◆ **EXERCISE DIRECTIONS**
Repeat the listing below in full, keeping each word as given.

◆ **DATA FOR REVIEW**

theorem mainTheorem7:
  fixes sc :: "complex \<Rightarrow> 'a::ab_group_add \<Rightarrow> 'a"
    and br :: "'a \<Rightarrow> 'a \<Rightarrow> 'a"
    and G0 G1 :: "'a set"
    and H e f h :: 'a
  assumes lsa: "lie_superalgebra sc br G0 G1"
    and cases: "(basic_lsa sc br G0 G1 \<and> (\<forall>n. \<not> iso_psl sc br G0 G1 n))
              \<or> ((\<exists>m n. iso_gl sc br G0 G1 m n) \<and> center_even br G0 \<subseteq> grade_sp sc br H 0)"
    and grading: "Z_grading_by sc br G0 H"
    and good: "good_element sc br G0 H e"
    and triple: "sl2_triple sc br e f h"
    and f_in: "f \<in> derived_even sc br G0 \<inter> grade_sp sc br H (-2)"
    and h_in: "h \<in> derived_even sc br G0 \<inter> grade_sp sc br H 0"
  shows "H - h \<in> center_of br (centralizer_s br e f h) \<inter> G0
       \<and> (center_of br (centralizer_s br e f h) \<inter> G0 = {0} \<longrightarrow> H = h)"
proof -
  have "derived_even sc br G0 \<subseteq> G0"
    using lsa by (rule lsa.derived_even_subset[unfolded lsa_def])
  then interpret good_sl2_triple sc br G0 G1 H e f h
    using lsa grading good triple f_in h_in by unfold_locales auto
  have z: "H - h \<in> center_of br (centralizer_s br e f h) \<inter> G0"
    by (rule H_minus_h_central)
  moreover have "H = h" if "center_of br (centralizer_s br e f h) \<inter> G0 = {0}"
    using z that by simp
  ultimately show ?thesis by blast
qed

end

◆ **YOUR RESPONSE**
theorem mainTheorem7:
  fixes sc :: "complex \<Rightarrow> 'a::ab_group_add \<Rightarrow> 'a"
    and br :: "'a \<Rightarrow> 'a \<Rightarrow> 'a"
    and G0 G1 :: "'a set"
    and H e f h :: 'a
  assumes lsa: "lie_superalgebra sc br G0 G1"
    and cases: "(basic_lsa sc br G0 G1 \<and> (\<forall>n. \<not> iso_psl sc br G0 G1 n))
              \<or> ((\<exists>m n. iso_gl sc br G0 G1 m n) \<and> center_even br G0 \<subseteq> grade_sp sc br H 0)"
    and grading: "Z_grading_by sc br G0 H"
    and good: "good_element sc br G0 H e"
    and triple: "sl2_triple sc br e f h"
    and f_in: "f \<in> derived_even sc br G0 \<inter> grade_sp sc br H (-2)"
    and h_in: "h \<in> derived_even sc br G0 \<inter> grade_sp sc br H 0"
  shows "H - h \<in> center_of br (centralizer_s br e f h) \<inter> G0
       \<and> (center_of br (centralizer_s br e f h) \<inter> G0 = {0} \<longrightarrow> H = h)"
proof -
  have "derived_even sc br G0 \<subseteq> G0"
    using lsa by (rule lsa.derived_even_subset[unfolded lsa_def])
  then interpret good_sl2_triple sc br G0 G1 H e f h
    using lsa grading good triple f_in h_in by unfold_locales auto
  have z: "H - h \<in> center_of br (centralizer_s br e f h) \<inter> G0"
    by (rule H_minus_h_central)
  moreover have "H = h" if "center_of br (centralizer_s br e f h) \<inter> G0 = {0}"
    using z that by simp
  ultimately show ?thesis by blast
qed

end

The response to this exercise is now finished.